I haven't written an academic article in some time. In fact, I have on occasion wondered if I'll ever write one again. But I've had for some time in my mind a theory that would best be explored in such a setting (if it's not too banal).  My theory is as follows: "Science fiction and fantasy" is an umbrella term that yokes together two large genre groups that are radically different politically. Science fiction is inherently politically progressive while fantasy is by nature reactionary. This theory of mine obviously has two propositions, one about science fiction and one about fantasy, so in actuality would be best explored in two separate articles. I thought I might use this space to start to articulate my thoughts on the fantasy half  of the equation, in recognition of my recent reading.

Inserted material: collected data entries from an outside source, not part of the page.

(* Let $\lambda$ be a partition and $n\ge|\lambda|+\lambda_1$. The map $\Phi=\Phi^{(n)}_\lambda:V_{\lambda^{(n+1)}}\to V_{\lambda^{(n)}}$ satisfies: (1) $\Phi T_i=T_i\Phi$ for $1\le i\le n-1$; (2) $\Phi X_i=X_i\Phi$ for $1\le i\le n$; (3) $\Phi X_{n+1}=0$; (4) $\Phi\, t^{-n}\pi_{n+1}T_n=t^{-(n-1)}\pi_n\Phi$; (5) $\Phi\theta_i^{(n+1)}=\theta_i^{(n)}\Phi$ for $1\le i\le n$; (6) $\Phi(\theta^{(n+1)}_{n+1}-t^{n-|\lambda|})=0$. Here $\theta^{(m)}_i,\pi_m$ denote the elements of $\mathcal{D}_m$ acting on $V_{\lambda^{(m)}}$.
   Context: All algebras over $\mathbb{Q}(q,t)$. $\mathcal{H}_m$: $T_1,\dots,T_{m-1}$, $(T_i-1)(T_i+t)=0$, braid relations. $\mathcal{A}_m$: $\mathcal{H}_m$ plus commuting invertible $\theta_1,\dots,\theta_m$ with $\theta_{i+1}=tT_i^{-1}\theta_iT_i^{-1}$, $T_i\theta_j=\theta_jT_i$ ($j\notin\{i,i+1\}$); $\pi_m=t^{m-1}\theta_1T_1^{-1}\cdots T_{m-1}^{-1}$. $\mathcal{D}_m$: $\mathcal{A}_m$ plus commuting $X_1,\dots,X_m$ with $X_{i+1}=tT_i^{-1}X_iT_i^{-1}$, $T_iX_j=X_jT_i$ ($j\notin\{i,i+1\}$), $\pi_mX_i\pi_m^{-1}=X_{i+1}$ ($i<m$), $\pi_mX_m\pi_m^{-1}=qX_1$. English notation; content $c(\square)=b-a$ for row $a$, column $b$. For a partition $\nu$ with $|\nu|=m$, $S_\nu$ is the irreducible $\mathcal{H}_m$-module with basis $e_\tau$ ($\tau$ standard Young tableau of shape $\nu$), $\bar\theta_ie_\tau=t^{c_\tau(i)}e_\tau$ ($c_\tau(i)$ content of the box labelled $i$; $\bar\theta_1=1$, $\bar\theta_{i+1}=tT_i^{-1}\bar\theta_iT_i^{-1}$), $(tT_i^{-1}\bar\theta_i-\bar\theta_itT_i^{-1})e_\tau=(t^{c_\tau(i)}-t^{c_\tau(i+1)})e_{s_i\tau}$ when $s_i\tau$ (swap of $i,i+1$) is standard and $c_\tau(i)-c_\tau(i+1)>1$, $T_ie_\tau=e_\tau$ / $-te_\tau$ for $i,i+1$ in same row / column. It is an $\mathcal{A}_m$-module via $T_i\mapsto T_i$, $\theta_1\mapsto1$, and $V_\nu=\mathcal{D}_m\otimes_{\mathcal{A}_m}S_\nu$, with basis $X^\alpha\otimes e_\tau$. For $n\ge|\lambda|+\lambda_1$, $\lambda^{(n)}=(n-|\lambda|,\lambda_1,\lambda_2,\dots)$ and $\square_0$ is the unique box of $\lambda^{(n+1)}$ not in $\lambda^{(n)}$. $\mathfrak{q}:S_{\lambda^{(n+1)}}\to S_{\lambda^{(n)}}$ sends $e_\tau$ to $e_{\tau|_{\lambda^{(n)}}}$ if $\tau(\square_0)=n+1$ and to $0$ otherwise. $\Phi^{(n)}_\lambda$ is the linear map $X^\alpha\otimes v\mapsto[\alpha_{n+1}=0]\,X_1^{\alpha_1}\cdots X_n^{\alpha_n}\otimes\mathfrak{q}(v)$. *)

theory Defs
  imports "HOL-Computational_Algebra.Polynomial" "HOL-Computational_Algebra.Fraction_Field"
begin
section \<open>Integer translates of a compactly supported function\<close>

lemma invertible_imp_lattice_ball_in_cube:
  fixes A :: "real^'n^'n"
  assumes "invertible A"
  shows "\<exists>R. \<forall>m. norm (A *v of_int_vec m) \<le> D \<longrightarrow> m \<in> cube R"
proof -
  obtain A' :: "real^'n^'n" where A': "A' ** A = mat 1" using assms unfolding invertible_def by blast
  have "bounded_linear ((*v) A')" by simp
  then obtain C where C: "C > 0" "\<And>x. norm (A' *v x) \<le> norm x * C"
    using bounded_linear.pos_bounded by blast
  have "m \<in> cube (nat \<lceil>D * C\<rceil>)" if m: "norm (A *v of_int_vec m) \<le> D" for m
  proof -
    have "\<bar>m$i\<bar> \<le> int (nat \<lceil>D * C\<rceil>)" for i
    proof -
      have "\<bar>real_of_int (m$i)\<bar> \<le> norm (of_int_vec m)"
        using component_le_norm_cart[of "of_int_vec m" i] by (simp add: of_int_vec_def)
      also have "\<dots> = norm (A' *v (A *v of_int_vec m))" by (simp add: matrix_vector_mul_assoc A')
      also have "\<dots> \<le> norm (A *v of_int_vec m) * C" by (rule C(2))
      also have "\<dots> \<le> D * C" using m C(1) by (simp add: mult_right_mono)
      also have "\<dots> \<le> real (nat \<lceil>D * C\<rceil>)" by (rule real_nat_ceiling_ge)
      finally have "real_of_int \<bar>m$i\<bar> \<le> real_of_int (int (nat \<lceil>D * C\<rceil>))"
        by (simp only: of_int_abs of_int_of_nat_eq)
      then show ?thesis by (simp only: of_int_le_iff)
    qed
    then show ?thesis by (simp add: cube_def)
  qed
  then show ?thesis by blast
qed
(* Let $K$ be any field, let $u(x,y)\in K[x,y]\setminus K$ be biased, and let $\rho=(\alpha x+p(y),\beta y+\gamma)$ be a nonaffine triangular automorphism of $K[x,y]$, where $\alpha,\beta\in K\setminus\{0\}$, $\gamma\in K$ and $p(y)\in K[y]$ has degree at least $2$. Then $\deg(\rho u)>\deg u$.
   Context: An automorphism $\rho=(f,g)$ of $K[x,y]$ means $\rho x=f$, $\rho y=g$, and $\rho u=u(f,g)$; so $\rho u=u(\alpha x+p(y),\beta y+\gamma)$. $\deg$ denotes total degree. For $0\ne u\in K[x,y]$, $|u|$ denotes the homogeneous component of $u$ of maximal total degree, and $u$ is called biased if $\deg_x|u|\ge\deg_y|u|$, where $\deg_x,\deg_y$ are the degrees in $x$ and in $y$. *)

theory Defs
  imports "HOL-Computational_Algebra.Polynomial"
begin

text \<open>Bivariate polynomials K[x,y] are represented as K[y][x], i.e. the type
  'a poly poly: the outer variable is x, the coefficients are polynomials in y.
  The monomial x^i y^j has coefficient coeff (coeff u i) j.\<close>

definition tdeg :: "'a::zero poly poly \<Rightarrow> nat" where
  "tdeg u = Max (insert 0 {i + degree (coeff u i) | i. i \<le> degree u \<and> coeff u i \<noteq> 0})"

definition hom_comp :: "'a::comm_semiring_1 poly poly \<Rightarrow> nat \<Rightarrow> 'a poly poly" where
  "hom_comp u d = (\<Sum>i\<le>d. monom (monom (coeff (coeff u i) (d - i)) (d - i)) i)"

definition top_comp :: "'a::comm_semiring_1 poly poly \<Rightarrow> 'a poly poly" where
  "top_comp u = hom_comp u (tdeg u)"

definition deg_x :: "'a::zero poly poly \<Rightarrow> nat" where
  "deg_x v = degree v"

definition deg_y :: "'a::zero poly poly \<Rightarrow> nat" where
  "deg_y v = Max {degree (coeff v i) | i. i \<le> degree v}"

definition biased :: "'a::comm_semiring_1 poly poly \<Rightarrow> bool" where
  "biased u \<longleftrightarrow> u \<noteq> 0 \<and> deg_x (top_comp u) \<ge> deg_y (top_comp u)"

definition const2 :: "'a::zero \<Rightarrow> 'a poly poly" where
  "const2 c = [:[:c:]:]"

definition subst2 :: "'a::comm_ring_1 poly poly \<Rightarrow> 'a poly poly \<Rightarrow> 'a poly poly \<Rightarrow> 'a poly poly" where
  "subst2 u f g = (\<Sum>i\<le>degree u. (\<Sum>j\<le>degree (coeff u i). smult [:coeff (coeff u i) j:] (g ^ j)) * f ^ i)"

definition ypoly :: "'a::zero poly \<Rightarrow> 'a poly poly" where
  "ypoly p = [:p:]"

definition X2 :: "'a::comm_semiring_1 poly poly" where
  "X2 = [:0, 1:]"

definition Y2 :: "'a::comm_semiring_1 poly poly" where
  "Y2 = [:[:0, 1:]:]"

end

theory Submission
  imports Defs
begin

text \<open>Write \<rho> as (x, \<beta>y + \<gamma>) followed by (\<alpha>x + p(y), y). The first map preserves the
  y-degree of every x-coefficient, hence the total degree and the data supplied by
  biasedness, so only the second one needs work. Give x the weight m = deg p and y the
  weight 1, and let M be the weighted degree of v = u(x, \<beta>y + \<gamma>). In v(\<alpha>x + p, y) the
  coefficient of x^s y^(M - ms) is the s-th coefficient of \<phi>(z) = \<psi>(l + \<alpha>z), where l is
  the leading coefficient of p and \<psi> the weighted leading form of v with y set to 1.
  Biasedness yields a monomial x^a y^(d-a) of u with d = deg u \<le> 2a; it forces every
  exponent of \<psi> to be at least a, so (l + \<alpha>z)^a divides \<phi>. As l \<noteq> 0, the lowest nonzero
  coefficient s of \<phi> satisfies s + a \<le> deg \<psi>, and the monomial x^s y^(M - ms) of \<rho>u
  then has total degree greater than d.\<close>

lemma pcompose_monom: "pcompose (monom c n) q = smult c (q ^ n)"
  by (induction n) (simp_all add: monom_0 monom_Suc pcompose_pCons)

lemma pcompose_eq_sum:
  assumes "degree p \<le> n"
  shows "pcompose p q = (\<Sum>i\<le>n. smult (coeff p i) (q ^ i))"
proof -
  have "pcompose p q = pcompose (\<Sum>i\<le>n. monom (coeff p i) i) q"
    by (simp add: poly_as_sum_of_monoms' assms)
  also have "\<dots> = (\<Sum>i\<le>n. smult (coeff p i) (q ^ i))"
    by (simp add: pcompose_sum pcompose_monom)
  finally show ?thesis .
qed

lemma coeff_linear_poly_power:
  fixes a b :: "'a::comm_semiring_1"
  shows "coeff ([:a, b:] ^ n) k = of_nat (n choose k) * b ^ k * a ^ (n - k)"
proof -
  have "[:a, b:] ^ n = (\<Sum>j\<le>n. of_nat (n choose j) * monom b 1 ^ j * [:a:] ^ (n - j))"
    using binomial_ring[of "monom b 1" "[:a:]" n]
    by (simp add: add.commute monom_altdef)
  also have "\<dots> = (\<Sum>j\<le>n. monom (of_nat (n choose j) * b ^ j * a ^ (n - j)) j)"
    by (intro sum.cong refl) (simp add: monom_power poly_const_pow of_nat_poly smult_monom mult_ac)
  finally show ?thesis
    by (simp add: coeff_sum coeff_monom binomial_eq_0 not_le)
qed

lemma coeff_mult_power_at_degree_bound:
  fixes h p :: "'a::idom poly"
  assumes "degree h + degree p * n \<le> N"
  shows "coeff (h * p ^ n) N =
    (if degree h + degree p * n = N then lead_coeff h * lead_coeff p ^ n else 0)"
proof (cases "degree h + degree p * n = N")
  case True
  show ?thesis
  proof (cases "p = 0 \<and> n > 0")
    case False
    then have "degree (p ^ n) = degree p * n"
      by (auto simp: degree_power_eq)
    then show ?thesis
      using True coeff_mult_degree_sum[of h "p ^ n"] unfolding lead_coeff_power[symmetric] by simp
  qed (use True in \<open>simp add: zero_power\<close>)
next
  case False
  have "degree (h * p ^ n) \<le> degree h + degree p * n"
    using degree_mult_le[of h "p ^ n"] degree_power_le[of p n] by (simp add: mult.commute)
  then show ?thesis
    using False assms by (simp add: coeff_eq_0)
qed

lemma coeff_order_0_nonzero:
  fixes p :: "'a::idom poly"
  assumes "p \<noteq> 0"
  shows "coeff p (order 0 p) \<noteq> 0"
proof -
  have "\<not> monom 1 (Suc (order 0 p)) dvd p" and "monom 1 (order 0 p) dvd p"
    using monom_1_dvd_iff[OF assms] by auto
  then show ?thesis
    unfolding monom_1_dvd_iff' by (metis less_Suc_eq)
qed

lemma order_0_add_degree_le:
  fixes f q :: "'a::idom poly"
  assumes "q dvd f" "f \<noteq> 0" "poly q 0 \<noteq> 0"
  shows "order 0 f + degree q \<le> degree f"
proof -
  obtain g where f: "f = q * g" using assms(1) by blast
  with assms(2) have "q \<noteq> 0" "g \<noteq> 0" by auto
  have "order 0 f = order 0 g"
    using f assms(2,3) by (simp add: order_mult order_0I)
  also have "\<dots> \<le> degree g"
    using \<open>g \<noteq> 0\<close> by (rule order_degree)
  finally show ?thesis
    using f \<open>q \<noteq> 0\<close> \<open>g \<noteq> 0\<close> by (simp add: degree_mult_eq)
qed

lemma subst2_const_y:
  fixes u f :: "'a::comm_ring_1 poly poly"
  shows "subst2 u f [:q:] = pcompose (map_poly (\<lambda>c. pcompose c q) u) f"
proof -
  have inner: "(\<Sum>j\<le>degree c. smult [:coeff c j:] ([:q:] ^ j)) = [:pcompose c q:]" for c
    by (simp add: pcompose_eq_sum[OF order_refl] poly_const_pow sum_to_poly)
  have "subst2 u f [:q:] = (\<Sum>i\<le>degree u. smult (pcompose (coeff u i) q) (f ^ i))"
    unfolding subst2_def inner by simp
  also have "\<dots> = pcompose (map_poly (\<lambda>c. pcompose c q) u) f"
    by (simp add: pcompose_eq_sum[OF map_poly_degree_leq] coeff_map_poly)
  finally show ?thesis .
qed

definition wdeg :: "nat \<Rightarrow> 'a::zero poly poly \<Rightarrow> nat" where
  "wdeg m v = Max (insert 0 {m * i + degree (coeff v i) | i. coeff v i \<noteq> 0})"

lemma finite_weighted_degrees: "finite {m * i + degree (coeff v i) | i. coeff v i \<noteq> 0}"
proof (rule finite_subset)
  show "{m * i + degree (coeff v i) | i. coeff v i \<noteq> 0} \<subseteq>
      (\<lambda>i. m * i + degree (coeff v i)) ` {..degree v}"
    using le_degree by blast
qed simp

My current obsession is George R.R. Martin's Song of Ice and Fire series, but I'm not ready to write about Martin's work yet. I tore through Game of Thrones and am a few hundred pages into the second book, A Clash of Kings. Being only 1,000 pages in to the yet-to-be-completed series, I can't actually make a judgement. I have the better part three fat paperbacks yet to read, not to mention a new hardcover of equivalent length and at least one unwritten volume. Among the many virtues I've found so far, though, is the political intrigue of the apparent dissolution of a kingdom. The characters, fantastic yet utterly believable, act as the participants of any court of any era might. The plot and storytelling is handled well in what I've read so far. Martin, a former television story editor, balance many strands and character viewpoints. We see the action from the shifting perspectives of a small number of key characters,  each, in the fashion of the classic screenplay, with desires and obstacles. As a result, he balances a number of character strands.  In Game of Thrones, the endings to these strands were thrilling. Because of the multi-volume format, each ending had to conclude the character's arc and start them out on a new one. Each marked a sudden but suddenly inevitable turn in character development. The first of the four endings was a pleasant surprise, the second a grand gesture. In response to the third, I pumped my fist in the air (an unusual maneuver to make while reading). As I read the fourth and final ending, I had a mild epileptic fit. On finishing the novel, I did a shamanic dance on one foot.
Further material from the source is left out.